[Data entries]
━━━━━━━━━━━━━━━━

(* Let $h\ge 2$ be an integer and $\lambda_G,\lambda_L,\gamma>0$. Let $S=\{(a,b): a\ge 1,\ b\ge 1,\ a+b\le h\}\cup\{(0,1)^\ast\}$ and let $\mathbf{P}=(p_{s,t})_{s,t\in S}$, $\Phi=(\phi_{s,t})_{s,t\in S}$ be the matrices whose only non-zero entries are as follows: for $(a,b)\in S$ with $a\ge 1$, $p_{(a,b),(a-1,b+1)}=\frac{a\lambda_L}{a\lambda_L+\gamma}$ and $\phi_{(a,b),(a-1,b+1)}=\frac{a\lambda_L}{b(a\lambda_L+\gamma)}$ if $a>1$; $p_{(1,b),(0,1)^\ast}=\frac{\lambda_L}{\lambda_L+\gamma}$ and $\phi_{(1,b),(0,1)^\ast}=\frac{\lambda_L}{b(\lambda_L+\gamma)}$; $p_{(a,b),(a,b-1)}=\frac{(b-1)\gamma}{b(a\lambda_L+\gamma)}$ if $b\ge 2$; $\phi_{(a,b),(h-1,1)}=\frac{\lambda_G}{b(a\lambda_L+\gamma)}$; and $\phi_{(0,1)^\ast,(h-1,1)}=\lambda_G/\gamma$ (the row of $\mathbf{P}$ indexed by $(0,1)^\ast$ is zero). Let $\mathbf{M}=(\mathbf{I}-\mathbf{P})^{-1}\Phi$ and $\mu_G=\lambda_G/\gamma$. Let $\mathbf{y}^{(0)}$ be the row vector indexed by $S$ with $y^{(0)}_{(h-1,1)}=1$ and all other entries $0$, and for $n\ge 1$ let $\mathbf{y}^{(n)}=\mathbf{y}^{(n-1)}\mathbf{M}=\mathbf{y}^{(0)}\mathbf{M}^n$ (the vector of mean numbers of infectives of each type in generation $n$ of the epidemic). For $i=0,\ldots,h-1$ let $\mu_i$ be the mean number of infectives in generation $i$ of the single-household epidemic described in the context. Define $x_{n,i}$ ($n\ge 0$, $0\le i\le h-1$) by $x_{0,0}=1$, $x_{0,i}=0$ for $i\ge 1$, and for $n\ge 1$: $x_{n,0}=\mu_G\sum_{i=0}^{h-1}x_{n-1,i}$ and $x_{n,i}=\mu_i x_{n-i,0}$ for $1\le i\le h-1$ (with $x_{m,0}=0$ for $m<0$). Then for all $n=0,1,2,\ldots$, $$y^{(n)}_{(h-1,1)}=x_{n,0},$$ and, writing $y_n=\sum_{s\in S}y^{(n)}_s$ and $x_n=\sum_{j=0}^{h-1}x_{n,j}$, we have $y_n=x_n$.
   Context: Single-household Markovian SIR epidemic: a household of $h$ individuals initially contains one infective and $h-1$ susceptibles. Each infective remains infectious for an exponentially distributed time with rate $\gamma$ (independently), during which it makes contacts with each other given household member at the points of independent homogeneous Poisson processes of rate $\lambda_L$; a contacted susceptible immediately becomes infectious. Generations: the initial infective is in generation $0$, and an individual infected by an infective of generation $i-1$ is in generation $i$. In the full household model, each infective additionally makes global contacts at rate $\lambda_G$, each creating a new infectious household in state $(h-1,1)$; a state $(a,b)$ denotes a household with $a$ susceptibles and $b$ infectives, and states with no susceptibles are amalgamated into $(0,1)^\ast$. $\mathbf{M}$ is the mean reproduction matrix: $m_{s,t}$ is the mean number of type-$t$ infectives generated by an individual infected as a member of a type-$s$ infectious unit. The quantity $x_{n,i}$ is the mean number of individuals in generation $n$ of the epidemic who belong to generation $i$ of their household epidemic. *)

theory Defs
  imports Complex_Main
begin
lemma psd_on_gram:
  assumes "finite S" "psd_on S B"
  shows "\<exists>(m::nat) U. \<forall>i\<in>S. \<forall>j\<in>S. B i j = (\<Sum>k<m. U k i * cnj (U k j))"
  using assms
proof (induction S arbitrary: B rule: finite_induct)
  case empty
  then show ?case by auto
next
  case (insert s S)
  let ?T = "insert s S"
  have fin: "finite ?T" using insert.hyps by simp
  obtain b where deflated: "psd_on ?T (\<lambda>i j. B i j - b i * cnj (b j))"
    and bs: "b s * cnj (b s) = B s s"
    using psd_on_deflate[OF insert.prems fin] by blast
  define C where "C i j = B i j - b i * cnj (b j)" for i j
  have psd_C: "psd_on ?T C" using deflated by (simp add: C_def[abs_def])
  have C_row_col: "C s j = 0" "C j s = 0" if "j \<in> ?T" for j
    using psd_on_zero_diag_row[OF psd_C fin _ that] psd_on_hermitian[OF psd_C fin _ that] bs
    by (auto simp: C_def)
  obtain m :: nat and U where U: "\<forall>i\<in>S. \<forall>j\<in>S. C i j = (\<Sum>k<m. U k i * cnj (U k j))"
    using insert.IH[OF psd_on_subset[OF psd_C subset_insertI fin]] by blast
  define V where "V k = (if k = m then b else (\<lambda>i. if i = s then 0 else U k i))" for k
  have "B i j = (\<Sum>k<Suc m. V k i * cnj (V k j))" if "i \<in> ?T" "j \<in> ?T" for i j
  proof -
    have "B i j = C i j + b i * cnj (b j)" by (simp add: C_def)
    also have "C i j = (\<Sum>k<m. V k i * cnj (V k j))"
      using U C_row_col that by (cases "i = s \<or> j = s") (auto simp: V_def)
    finally show ?thesis by (simp add: V_def)
  qed
  then show ?case by blast
qed

lemma psd_on_trace_mult:
  assumes fin: "finite S" and A: "psd_on S A" and B: "psd_on S B"
  shows "Im (\<Sum>i\<in>S. \<Sum>j\<in>S. A i j * B j i) = 0" "0 \<le> Re (\<Sum>i\<in>S. \<Sum>j\<in>S. A i j * B j i)"
proof -
  obtain m :: nat and U where U: "\<forall>i\<in>S. \<forall>j\<in>S. B i j = (\<Sum>k<m. U k i * cnj (U k j))"
    using psd_on_gram[OF fin B] by blast
  have "(\<Sum>i\<in>S. \<Sum>j\<in>S. A i j * B j i) = (\<Sum>i\<in>S. \<Sum>j\<in>S. \<Sum>k<m. cnj (U k i) * A i j * U k j)"
    using U by (intro sum.cong refl) (simp add: sum_distrib_left mult_ac)
  also have "\<dots> = (\<Sum>k<m. quad_form S A (U k))"
    unfolding quad_form_def by (subst sum.swap) (simp add: sum.swap[of _ S "{..<m}"])
  finally have eq: "(\<Sum>i\<in>S. \<Sum>j\<in>S. A i j * B j i) = (\<Sum>k<m. quad_form S A (U k))" .
  show "Im (\<Sum>i\<in>S. \<Sum>j\<in>S. A i j * B j i) = 0" "0 \<le> Re (\<Sum>i\<in>S. \<Sum>j\<in>S. A i j * B j i)"
    unfolding eq Im_sum Re_sum using psd_onD[OF A] by (simp_all add: sum_nonneg)
qed

section \<open>The operator norm\<close>

lemma vec_norm_eq_L2_set: "vec_norm d v = L2_set (\<lambda>i. cmod (v i)) {..<d}"
  unfolding vec_norm_def L2_set_def by simp

lemma vec_norm_nonneg: "0 \<le> vec_norm d v"
  by (simp add: vec_norm_eq_L2_set)

lemma vec_norm_scale: "vec_norm d (\<lambda>i. c * v i) = cmod c * vec_norm d v"
  unfolding vec_norm_eq_L2_set norm_mult by (rule L2_set_right_distrib[symmetric]) simp

lemma bdd_above_op_norm: "bdd_above {vec_norm d (mat_app d A v) | v. vec_norm d v = 1}"
proof (rule bdd_aboveI)
  fix x assume "x \<in> {vec_norm d (mat_app d A v) | v. vec_norm d v = 1}"
  then obtain v where v: "vec_norm d v = 1" and x: "x = vec_norm d (mat_app d A v)" by blast
  have v_le: "cmod (v j) \<le> 1" if "j < d" for j
    using member_le_L2_set[of "{..<d}" j "\<lambda>i. cmod (v i)"] that v
    by (simp add: vec_norm_eq_L2_set)
  have "x \<le> (\<Sum>i<d. cmod (mat_app d A v i))"
    unfolding x vec_norm_eq_L2_set by (rule L2_set_le_sum) simp
  also have "\<dots> \<le> (\<Sum>i<d. \<Sum>j<d. cmod (A i j * v j))"
    unfolding mat_app_def by (intro sum_mono norm_sum)
  also have "\<dots> \<le> (\<Sum>i<d. \<Sum>j<d. cmod (A i j))"
    using v_le by (intro sum_mono) (simp add: norm_mult mult_left_le)
  finally show "x \<le> (\<Sum>i<d. \<Sum>j<d. cmod (A i j))" .
qed

lemma op_norm_nonneg:
  assumes "d \<ge> 1"
  shows "0 \<le> op_norm d A"
proof -
  let ?e = "\<lambda>i. if i = 0 then 1 else 0 :: complex"
  have "vec_norm d ?e = 1"
    using assms by (simp add: vec_norm_def if_distrib[of "\<lambda>z. (cmod z)\<^sup>2"] cong: if_cong)
  then have "vec_norm d (mat_app d A ?e) \<le> op_norm d A"
    unfolding op_norm_def by (intro cSup_upper[OF _ bdd_above_op_norm]) blast
  then show ?thesis using vec_norm_nonneg order_trans by blast
qed

lemma vec_norm_mat_app_le: "vec_norm d (mat_app d A v) \<le> op_norm d A * vec_norm d v"
proof (cases "vec_norm d v = 0")
  case True
  then have "v i = 0" if "i < d" for i
    using that L2_set_eq_0_iff[of "{..<d}" "\<lambda>i. cmod (v i)"] by (simp add: vec_norm_eq_L2_set)
  then have "vec_norm d (mat_app d A v) = 0"
    by (simp add: vec_norm_def mat_app_def)
  then show ?thesis using True by simp
next
  case False
  define N where "N = vec_norm d v"
  have N: "N > 0" using False vec_norm_nonneg[of d v] by (simp add: N_def)
  define u where "u = (\<lambda>i. of_real (1 / N) * v i)"
  have "vec_norm d u = cmod (of_real (1 / N)) * N"
    unfolding u_def N_def by (rule vec_norm_scale)
  then have "vec_norm d u = 1"
    using N by (simp add: norm_divide)
  then have "vec_norm d (mat_app d A u) \<le> op_norm d A"
    unfolding op_norm_def by (intro cSup_upper[OF _ bdd_above_op_norm]) blast
  moreover have "mat_app d A u = (\<lambda>i. of_real (1 / N) * mat_app d A v i)"
    by (simp add: mat_app_def u_def sum_distrib_left mult_ac)
  then have "vec_norm d (mat_app d A u) = vec_norm d (mat_app d A v) / N"
    by (simp only: vec_norm_scale) (use N in \<open>simp add: norm_divide\<close>)
  ultimately show ?thesis
    using N by (simp add: N_def field_simps)
qed

lemma quad_form_le_op_norm: "Re (quad_form {..<d} A v) \<le> op_norm d A * (vec_norm d v)\<^sup>2"
proof -
  have "quad_form {..<d} A v = (\<Sum>i<d. cnj (v i) * mat_app d A v i)"
    by (simp add: quad_form_def mat_app_def sum_distrib_left mult.assoc)
  then have "Re (quad_form {..<d} A v) \<le> cmod (\<Sum>i<d. cnj (v i) * mat_app d A v i)"
    by (metis complex_Re_le_cmod)
  also have "\<dots> \<le> (\<Sum>i<d. cmod (v i) * cmod (mat_app d A v i))"
    by (rule order_trans[OF norm_sum]) (simp add: norm_mult)
  also have "\<dots> \<le> vec_norm d v * vec_norm d (mat_app d A v)"
    using L2_set_mult_ineq[of "\<lambda>i. cmod (v i)" "\<lambda>i. cmod (mat_app d A v i)" "{..<d}"]
    by (simp add: vec_norm_eq_L2_set)
  also have "\<dots> \<le> vec_norm d v * (op_norm d A * vec_norm d v)"
    by (intro mult_left_mono vec_norm_mat_app_le vec_norm_nonneg)
  finally show ?thesis by (simp add: power2_eq_square mult_ac)
qed

lemma quad_form_id_op: "quad_form {..<d} id_op v = (vec_norm d v)\<^sup>2"
proof -
  have "(\<Sum>j<d. cnj (v i) * id_op i j * v j) = (\<Sum>j<d. if j = i then v i * cnj (v i) else 0)"
    for i by (intro sum.cong) (auto simp: id_op_def)
  then have "quad_form {..<d} id_op v = (\<Sum>i<d. v i * cnj (v i))"
    by (simp add: quad_form_def)
  also have "\<dots> = (\<Sum>i<d. complex_of_real ((cmod (v i))\<^sup>2))"
    by (simp only: complex_norm_square)
  finally show ?thesis by (simp add: vec_norm_def sum_nonneg)
qed

lemma psd_on_op_norm_bound:
  assumes P: "psd_on {..<d} P" and norm: "op_norm d P \<le> \<delta>"
  shows "psd_on {..<d} (\<lambda>i j. \<delta> * id_op i j - P i j)"
  unfolding psd_on_iff_quad_form
proof
  fix v
  have "quad_form {..<d} (\<lambda>i j. \<delta> * id_op i j - P i j) v
      = \<delta> * quad_form {..<d} id_op v - quad_form {..<d} P v"
    by (simp add: quad_form_def algebra_simps sum_subtractf sum_distrib_left)
  also have "\<dots> = \<delta> * (vec_norm d v)\<^sup>2 - quad_form {..<d} P v"
    by (simp add: quad_form_id_op)
  finally have eq: "quad_form {..<d} (\<lambda>i j. \<delta> * id_op i j - P i j) v
      = \<delta> * (vec_norm d v)\<^sup>2 - quad_form {..<d} P v" .
  have "Re (quad_form {..<d} P v) \<le> \<delta> * (vec_norm d v)\<^sup>2"
    using quad_form_le_op_norm[of d P v] mult_right_mono[OF norm, of "(vec_norm d v)\<^sup>2"] by simp
  then show "Im (quad_form {..<d} (\<lambda>i j. \<delta> * id_op i j - P i j) v) = 0 \<and>
      0 \<le> Re (quad_form {..<d} (\<lambda>i j. \<delta> * id_op i j - P i j) v)"
    unfolding eq using psd_onD(1)[OF P, of v] by simp
qed

section \<open>Measuring the first system\<close>

lemma finite_idx: "finite (idx d n)"
  using finite_lists_length_eq[of "{..<d}" n] by (simp add: idx_def conj_commute)

lemma idx_Suc: "idx d (Suc n) = (\<lambda>(a, l). a # l) ` ({..<d} \<times> idx d n)"
  by (auto simp: idx_def length_Suc_conv image_iff)

lemma sum_idx_Suc: "(\<Sum>l\<in>idx d (Suc n). f l) = (\<Sum>a<d. \<Sum>i\<in>idx d n. f (a # i))"
proof -
  have "inj_on (\<lambda>(a, l). a # l) ({..<d} \<times> idx d n)"
    by (auto simp: inj_on_def)
  then show ?thesis
    by (simp add: idx_Suc sum.reindex sum.cartesian_product prod.case_distrib)
qed

lemma sum_swap_pairs:
  "(\<Sum>i\<in>I. \<Sum>j\<in>J. \<Sum>a\<in>A. \<Sum>b\<in>B. f i j a b) = (\<Sum>a\<in>A. \<Sum>b\<in>B. \<Sum>i\<in>I. \<Sum>j\<in>J. f i j a b)"
proof -
  have "(\<Sum>i\<in>I. \<Sum>j\<in>J. \<Sum>a\<in>A. \<Sum>b\<in>B. f i j a b) = (\<Sum>i\<in>I. \<Sum>a\<in>A. \<Sum>j\<in>J. \<Sum>b\<in>B. f i j a b)"
    by (intro sum.cong refl) (rule sum.swap)
  also have "\<dots> = (\<Sum>a\<in>A. \<Sum>i\<in>I. \<Sum>b\<in>B. \<Sum>j\<in>J. f i j a b)"
    by (subst sum.swap) (intro sum.cong refl sum.swap)
  also have "\<dots> = (\<Sum>a\<in>A. \<Sum>b\<in>B. \<Sum>i\<in>I. \<Sum>j\<in>J. f i j a b)"
    by (intro sum.cong refl) (rule sum.swap)
  finally show ?thesis .
qed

━━━━━━━━━━━━━━━━

> Problem to work on: In the records above, the lines containing the string "that" should be counted; give only the total.

> Result: 4